EXERCISE MATERIAL »
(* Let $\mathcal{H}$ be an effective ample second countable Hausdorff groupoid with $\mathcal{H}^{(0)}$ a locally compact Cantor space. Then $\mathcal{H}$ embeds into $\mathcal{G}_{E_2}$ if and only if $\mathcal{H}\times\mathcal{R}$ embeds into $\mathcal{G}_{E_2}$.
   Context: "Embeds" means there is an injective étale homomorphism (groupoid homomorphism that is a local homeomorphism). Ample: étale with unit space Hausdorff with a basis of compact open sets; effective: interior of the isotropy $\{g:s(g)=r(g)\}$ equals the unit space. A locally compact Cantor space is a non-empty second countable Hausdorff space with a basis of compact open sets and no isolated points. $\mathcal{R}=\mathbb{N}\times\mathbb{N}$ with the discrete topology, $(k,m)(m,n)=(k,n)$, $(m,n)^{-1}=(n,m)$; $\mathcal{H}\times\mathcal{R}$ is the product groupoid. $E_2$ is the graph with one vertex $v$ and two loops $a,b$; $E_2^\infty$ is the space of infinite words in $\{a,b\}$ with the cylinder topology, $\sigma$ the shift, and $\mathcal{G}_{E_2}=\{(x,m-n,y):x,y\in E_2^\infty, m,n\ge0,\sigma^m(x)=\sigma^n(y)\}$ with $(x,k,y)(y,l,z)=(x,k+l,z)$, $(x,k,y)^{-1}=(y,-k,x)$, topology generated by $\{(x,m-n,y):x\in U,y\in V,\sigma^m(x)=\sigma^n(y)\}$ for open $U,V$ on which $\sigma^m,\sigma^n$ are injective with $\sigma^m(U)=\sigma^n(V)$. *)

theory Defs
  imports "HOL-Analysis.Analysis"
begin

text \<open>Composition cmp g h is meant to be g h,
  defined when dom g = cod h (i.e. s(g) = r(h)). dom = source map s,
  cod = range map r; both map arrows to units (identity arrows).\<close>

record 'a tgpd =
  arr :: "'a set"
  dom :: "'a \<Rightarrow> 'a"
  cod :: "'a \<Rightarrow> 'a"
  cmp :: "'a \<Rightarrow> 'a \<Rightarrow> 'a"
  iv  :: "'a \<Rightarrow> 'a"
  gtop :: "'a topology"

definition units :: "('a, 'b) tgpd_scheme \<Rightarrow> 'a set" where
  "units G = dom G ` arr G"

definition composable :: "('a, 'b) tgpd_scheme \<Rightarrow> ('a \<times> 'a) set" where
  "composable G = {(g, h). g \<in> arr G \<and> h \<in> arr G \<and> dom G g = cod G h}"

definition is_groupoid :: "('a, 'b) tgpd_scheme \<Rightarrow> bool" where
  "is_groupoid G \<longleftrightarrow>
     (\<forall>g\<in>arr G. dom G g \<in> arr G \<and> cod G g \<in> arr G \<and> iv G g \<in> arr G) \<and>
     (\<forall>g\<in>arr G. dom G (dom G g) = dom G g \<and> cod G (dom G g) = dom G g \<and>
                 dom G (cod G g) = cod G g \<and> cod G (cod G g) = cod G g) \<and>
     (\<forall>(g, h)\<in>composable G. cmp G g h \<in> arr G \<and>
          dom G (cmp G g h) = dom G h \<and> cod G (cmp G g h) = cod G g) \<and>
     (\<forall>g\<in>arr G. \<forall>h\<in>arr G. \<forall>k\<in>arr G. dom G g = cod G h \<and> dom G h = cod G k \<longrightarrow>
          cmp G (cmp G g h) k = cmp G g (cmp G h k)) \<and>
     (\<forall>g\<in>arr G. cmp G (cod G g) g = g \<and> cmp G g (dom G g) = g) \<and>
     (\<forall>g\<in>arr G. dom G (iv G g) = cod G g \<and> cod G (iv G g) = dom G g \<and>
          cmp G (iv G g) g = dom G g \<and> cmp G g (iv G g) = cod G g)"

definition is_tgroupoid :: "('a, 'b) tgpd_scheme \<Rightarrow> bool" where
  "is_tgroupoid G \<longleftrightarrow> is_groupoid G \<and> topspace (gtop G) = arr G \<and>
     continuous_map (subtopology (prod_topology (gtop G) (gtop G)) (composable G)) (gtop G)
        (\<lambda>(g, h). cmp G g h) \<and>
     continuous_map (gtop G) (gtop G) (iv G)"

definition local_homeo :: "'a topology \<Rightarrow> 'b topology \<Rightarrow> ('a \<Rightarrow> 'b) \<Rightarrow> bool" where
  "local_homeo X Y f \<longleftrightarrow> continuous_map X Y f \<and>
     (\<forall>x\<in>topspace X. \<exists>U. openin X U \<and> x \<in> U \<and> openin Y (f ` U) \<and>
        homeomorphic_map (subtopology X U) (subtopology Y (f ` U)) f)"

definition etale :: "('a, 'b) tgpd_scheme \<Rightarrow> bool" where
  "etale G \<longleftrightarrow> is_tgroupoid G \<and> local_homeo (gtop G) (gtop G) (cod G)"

---

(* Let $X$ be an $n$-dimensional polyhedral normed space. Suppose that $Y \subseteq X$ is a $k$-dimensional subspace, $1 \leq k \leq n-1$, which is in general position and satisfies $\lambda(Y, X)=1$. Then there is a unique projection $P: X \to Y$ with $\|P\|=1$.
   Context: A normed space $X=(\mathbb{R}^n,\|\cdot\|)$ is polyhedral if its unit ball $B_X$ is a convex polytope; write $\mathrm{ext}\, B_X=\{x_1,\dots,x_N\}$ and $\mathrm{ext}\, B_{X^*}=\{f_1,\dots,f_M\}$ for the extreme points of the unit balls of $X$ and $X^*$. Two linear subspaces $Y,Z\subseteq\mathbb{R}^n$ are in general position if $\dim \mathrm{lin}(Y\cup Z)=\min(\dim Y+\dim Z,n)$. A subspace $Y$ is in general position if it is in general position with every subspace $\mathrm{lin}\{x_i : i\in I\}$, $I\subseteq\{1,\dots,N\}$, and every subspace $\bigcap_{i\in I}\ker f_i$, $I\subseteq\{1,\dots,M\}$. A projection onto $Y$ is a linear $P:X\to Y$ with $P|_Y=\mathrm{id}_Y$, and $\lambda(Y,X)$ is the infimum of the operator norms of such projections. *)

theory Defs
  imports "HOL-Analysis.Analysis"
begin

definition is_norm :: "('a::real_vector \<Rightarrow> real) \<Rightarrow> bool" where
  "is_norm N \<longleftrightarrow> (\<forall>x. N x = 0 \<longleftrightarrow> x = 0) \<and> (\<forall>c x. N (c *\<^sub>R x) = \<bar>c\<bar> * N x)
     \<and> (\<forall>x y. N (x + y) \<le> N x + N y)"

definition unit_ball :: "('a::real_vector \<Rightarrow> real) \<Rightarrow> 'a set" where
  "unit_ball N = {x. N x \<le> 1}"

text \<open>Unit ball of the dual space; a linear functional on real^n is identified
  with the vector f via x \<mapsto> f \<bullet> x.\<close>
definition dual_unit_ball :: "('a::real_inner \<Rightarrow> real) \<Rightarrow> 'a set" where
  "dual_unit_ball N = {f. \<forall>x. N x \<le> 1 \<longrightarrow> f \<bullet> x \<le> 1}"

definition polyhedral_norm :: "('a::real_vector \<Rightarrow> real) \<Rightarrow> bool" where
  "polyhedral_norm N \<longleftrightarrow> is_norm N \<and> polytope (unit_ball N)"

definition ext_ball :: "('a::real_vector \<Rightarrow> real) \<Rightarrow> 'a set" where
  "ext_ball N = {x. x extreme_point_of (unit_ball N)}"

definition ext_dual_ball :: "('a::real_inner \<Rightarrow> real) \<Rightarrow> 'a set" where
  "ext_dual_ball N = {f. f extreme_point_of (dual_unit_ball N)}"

WHAT YOU HAVE TO DO »
Could you restate word for word the lines above from the one containing "G) = arr G \<and>" through the one containing "G \<longleftrightarrow> is_tgroupoid", both included, and nothing else?

ANSWER TO THE EXERCISE »
  "is_tgroupoid G \<longleftrightarrow> is_groupoid G \<and> topspace (gtop G) = arr G \<and>
     continuous_map (subtopology (prod_topology (gtop G) (gtop G)) (composable G)) (gtop G)
        (\<lambda>(g, h). cmp G g h) \<and>
     continuous_map (gtop G) (gtop G) (iv G)"

definition local_homeo :: "'a topology \<Rightarrow> 'b topology \<Rightarrow> ('a \<Rightarrow> 'b) \<Rightarrow> bool" where
  "local_homeo X Y f \<longleftrightarrow> continuous_map X Y f \<and>
     (\<forall>x\<in>topspace X. \<exists>U. openin X U \<and> x \<in> U \<and> openin Y (f ` U) \<and>
        homeomorphic_map (subtopology X U) (subtopology Y (f ` U)) f)"

definition etale :: "('a, 'b) tgpd_scheme \<Rightarrow> bool" where
  "etale G \<longleftrightarrow> is_tgroupoid G \<and> local_homeo (gtop G) (gtop G) (cod G)"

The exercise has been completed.